§ Exercise requirements: Look through the data that follows and copy each line with the string "Neumann".

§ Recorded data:
(* Let $n\ge 2$, $p\in[0,1]$ and let $\Phi$ be the $\mathfrak{su}_n$ channel. Then $$S_{\min}:=\min_{\rho}S(\Phi(\rho))=-\frac{np}{n+1}\ln\Big(\frac{np}{n^2-1}\Big)-\Big(1-\frac{np}{n+1}\Big)\ln\Big(1-\frac{np}{n+1}\Big),$$ where the minimum is over all $n\times n$ density matrices and $S(\sigma)=-\operatorname{Tr}(\sigma\ln\sigma)$ is the von Neumann entropy (with $0\ln 0=0$). Moreover, for fixed $p\in[0,1]$, $\lim_{n\to\infty}S_{\min}/\ln n=p$.
   Context: The $\mathfrak{su}_n$ channel is $\Phi(\rho)=(1-p)\rho+\frac{pn}{2(n^2-1)}\sum_{i=1}^{n^2-1}X_i\rho X_i$, where $X_1,\dots,X_{n^2-1}$ are traceless Hermitian $n\times n$ matrices forming a basis of $i\,\mathfrak{su}_n$ with $\operatorname{Tr}(X_iX_j)=2\delta_{ij}$ (generalized Gell-Mann matrices). A density matrix is a positive semidefinite matrix of trace 1. *)

theory Defs
  imports Complex_Main "Jordan_Normal_Form.Schur_Decomposition" "HOL-Computational_Algebra.Polynomial"
begin

definition mtrace :: "complex mat \<Rightarrow> complex" where
  "mtrace A = (\<Sum>i<dim_row A. A $$ (i, i))"

definition psd_mat :: "nat \<Rightarrow> complex mat \<Rightarrow> bool" where
  "psd_mat n A \<longleftrightarrow> A \<in> carrier_mat n n \<and> mat_adjoint A = A \<and>
     (\<forall>v \<in> carrier_vec n. 0 \<le> Re (conjugate v \<bullet> (A *\<^sub>v v)))"

definition density_mat :: "nat \<Rightarrow> complex mat \<Rightarrow> bool" where
  "density_mat n \<rho> \<longleftrightarrow> psd_mat n \<rho> \<and> mtrace \<rho> = 1"

definition xlnx :: "real \<Rightarrow> real" where
  "xlnx x = (if x = 0 then 0 else x * ln x)"

definition eigenvalues_mset :: "complex mat \<Rightarrow> complex multiset" where
  "eigenvalues_mset A = proots (char_poly A)"

(* von Neumann entropy S(sigma) = - Tr(sigma ln sigma) = - sum_lambda lambda ln lambda *)
definition vN_entropy :: "complex mat \<Rightarrow> real" where
  "vN_entropy \<sigma> = - (\<Sum>x\<in>#eigenvalues_mset \<sigma>. xlnx (Re x))"

(* generalized Gell-Mann matrices (0-based indices), normalised Tr(X_i X_j) = 2 delta_ij *)
definition gm_sym :: "nat \<Rightarrow> nat \<Rightarrow> nat \<Rightarrow> complex mat" where
  "gm_sym n j k = mat n n (\<lambda>(a, b). if (a = j \<and> b = k) \<or> (a = k \<and> b = j) then 1 else 0)"

definition gm_asym :: "nat \<Rightarrow> nat \<Rightarrow> nat \<Rightarrow> complex mat" where
  "gm_asym n j k = mat n n (\<lambda>(a, b). if a = j \<and> b = k then - \<i> else if a = k \<and> b = j then \<i> else 0)"

definition gm_diag :: "nat \<Rightarrow> nat \<Rightarrow> complex mat" where
  "gm_diag n l = mat n n (\<lambda>(a, b).
     if a = b \<and> a < l then complex_of_real (sqrt (2 / (real l * (real l + 1))))
     else if a = b \<and> a = l then - complex_of_real (real l * sqrt (2 / (real l * (real l + 1))))
     else 0)"

definition gell_mann :: "nat \<Rightarrow> complex mat set" where
  "gell_mann n = {gm_sym n j k | j k. j < k \<and> k < n} \<union> {gm_asym n j k | j k. j < k \<and> k < n}
     \<union> {gm_diag n l | l. 1 \<le> l \<and> l \<le> n - 1}"

definition su_channel :: "nat \<Rightarrow> real \<Rightarrow> complex mat \<Rightarrow> complex mat" where
  "su_channel n p \<rho> =
     (complex_of_real (1 - p)) \<cdot>\<^sub>m \<rho> +
     (complex_of_real (p * real n / (2 * (real n ^ 2 - 1)))) \<cdot>\<^sub>m
       mat n n (\<lambda>ij. \<Sum>X\<in>gell_mann n. (X * \<rho> * X) $$ ij)"

definition S_min :: "nat \<Rightarrow> real \<Rightarrow> real" where
  "S_min n p = (INF \<rho>\<in>{\<rho>. density_mat n \<rho>}. vN_entropy (su_channel n p \<rho>))"

end

theory Submission
  imports Defs "HOL-Real_Asymp.Real_Asymp"
begin

(*
  The generalized Gell-Mann matrices satisfy the completeness relation
    sum_X X_ac X_db = 2 delta_ab delta_cd - (2/n) delta_ac delta_db,
  so sum_X X rho X = 2 Tr(rho) I - (2/n) rho and on density matrices the su_n channel is
  depolarizing: Phi(rho) = (1 - q - beta) rho + beta I with beta = n p / (n^2 - 1) and
  q = (n - 1) beta = n p / (n + 1).  Hence the eigenvalues of Phi(rho) are r (1 - q) + (1 - r) beta,
  where r runs over the eigenvalues of rho (nonnegative, summing to 1; they are read off a Schur
  triangularisation).  Convexity of x ln x bounds the output entropy below by the entropy of the
  spectrum (1 - q, beta, ..., beta), which a pure input attains.  As n grows, the term
  -q ln beta ~ p ln n dominates this entropy.
*)

section \<open>Completeness relation of the generalized Gell-Mann matrices\<close>

definition gm_pairs :: "nat \<Rightarrow> (nat \<times> nat) set" where
  "gm_pairs n = {(j, k). j < k \<and> k < n}"

lemma finite_gm_pairs: "finite (gm_pairs n)"
  by (rule finite_subset[of _ "{..<n} \<times> {..<n}"]) (auto simp: gm_pairs_def)

lemma gell_mann_eq_images:
  "gell_mann n = (case_prod (gm_sym n) ` gm_pairs n \<union> case_prod (gm_asym n) ` gm_pairs n)
     \<union> gm_diag n ` {1..<n}"
proof -
  have "{l. 1 \<le> l \<and> l \<le> n - 1} = {1..<n}" by auto
  then have "{gm_diag n l | l. 1 \<le> l \<and> l \<le> n - 1} = gm_diag n ` {1..<n}" by blast
  then show ?thesis unfolding gell_mann_def gm_pairs_def by (auto simp: image_def)
qed

lemma gell_mann_carrier: "X \<in> gell_mann n \<Longrightarrow> X \<in> carrier_mat n n"
  unfolding gell_mann_eq_images by (auto simp: gm_sym_def gm_asym_def gm_diag_def)

lemma index_gm_sym:
  "a < n \<Longrightarrow> c < n \<Longrightarrow>
     gm_sym n j k $$ (a, c) = (if (a = j \<and> c = k) \<or> (a = k \<and> c = j) then 1 else 0)"
  unfolding gm_sym_def by simp

lemma index_gm_asym:
  "a < n \<Longrightarrow> c < n \<Longrightarrow>
     gm_asym n j k $$ (a, c) = (if a = j \<and> c = k then - \<i> else if a = k \<and> c = j then \<i> else 0)"
  unfolding gm_asym_def by simp
text \<open>Were there no such direction, Farkas' lemma would give a non-negative combination of the
  inequalities bounding a coordinate in \<open>W\<close> from above; a rational direction is made integral by
  clearing denominators.\<close>

lemma integral_recession_direction:
  fixes G :: "(('v \<Rightarrow> int) \<times> 'k::linordered_field) set"
  assumes Z: "zgroup Z" and fin: "finite W" "finite T" "finite G" and GZ: "\<forall>(c, g)\<in>G. g \<in> Z"
    and unbounded: "\<forall>M\<in>Z. \<exists>u. feasible_beyond W T G M u"
  shows "\<exists>v::'v \<Rightarrow> int. (\<forall>i\<in>W. 1 \<le> v i) \<and> (\<forall>i\<in>T. 0 \<le> v i)
           \<and> (\<forall>(c, g)\<in>G. 0 \<le> (\<Sum>i\<in>W \<union> T. c i * v i))"
proof -
  let ?S = "W \<union> T"
  obtain u :: "'v \<Rightarrow> rat" where u: "\<forall>r\<in>recession_system W T G. satisfies ?S u r"
    using recession_system_solvable[OF assms] by blast
  obtain D w where Dw: "1 \<le> D" "\<forall>i\<in>?S. of_int (w i) = of_int D * u i"
    using rat_common_denominator[of ?S u] fin by blast
  have "1 \<le> w i" if "i \<in> W" for i
  proof -
    have "satisfies ?S u (unit_coeffs i, 1)" using u that unfolding recession_system_def by blast
    then have "1 \<le> u i" using lin_sum_unit_coeffs[of ?S i u] fin that by (simp add: satisfies_def)
    then have "(1::rat) * 1 \<le> of_int D * u i" using Dw(1) by (intro mult_mono) simp_all
    then have "(1::rat) \<le> of_int (w i)" using Dw(2) that by simp
    then show ?thesis by simp
  qed
  moreover have "0 \<le> w i" if "i \<in> T" for i
  proof -
    have "satisfies ?S u (unit_coeffs i, 0)" using u that unfolding recession_system_def by blast
    then have "0 \<le> u i" using lin_sum_unit_coeffs[of ?S i u] fin that by (simp add: satisfies_def)
    then have "(0::rat) \<le> of_int (w i)" using Dw that by simp
    then show ?thesis by simp
  qed
  moreover have "0 \<le> (\<Sum>i\<in>?S. c i * w i)" if "(c, g) \<in> G" for c g
  proof -
    have "satisfies ?S u (c, 0)" using u that unfolding recession_system_def by force
    then have "0 \<le> of_int D * lin_sum ?S c u" using Dw(1) by (simp add: satisfies_def)
    also have "of_int D * lin_sum ?S c u = of_int (\<Sum>i\<in>?S. c i * w i)"
      using Dw(2) by (simp add: lin_sum_def sum_distrib_left algebra_simps)
    finally show ?thesis by (simp only: of_int_0_le_iff)
  qed
  ultimately show ?thesis by (intro exI[of _ w]) auto
qed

§ Expected answer:
(* Let $n\ge 2$, $p\in[0,1]$ and let $\Phi$ be the $\mathfrak{su}_n$ channel. Then $$S_{\min}:=\min_{\rho}S(\Phi(\rho))=-\frac{np}{n+1}\ln\Big(\frac{np}{n^2-1}\Big)-\Big(1-\frac{np}{n+1}\Big)\ln\Big(1-\frac{np}{n+1}\Big),$$ where the minimum is over all $n\times n$ density matrices and $S(\sigma)=-\operatorname{Tr}(\sigma\ln\sigma)$ is the von Neumann entropy (with $0\ln 0=0$). Moreover, for fixed $p\in[0,1]$, $\lim_{n\to\infty}S_{\min}/\ln n=p$.
(* von Neumann entropy S(sigma) = - Tr(sigma ln sigma) = - sum_lambda lambda ln lambda *)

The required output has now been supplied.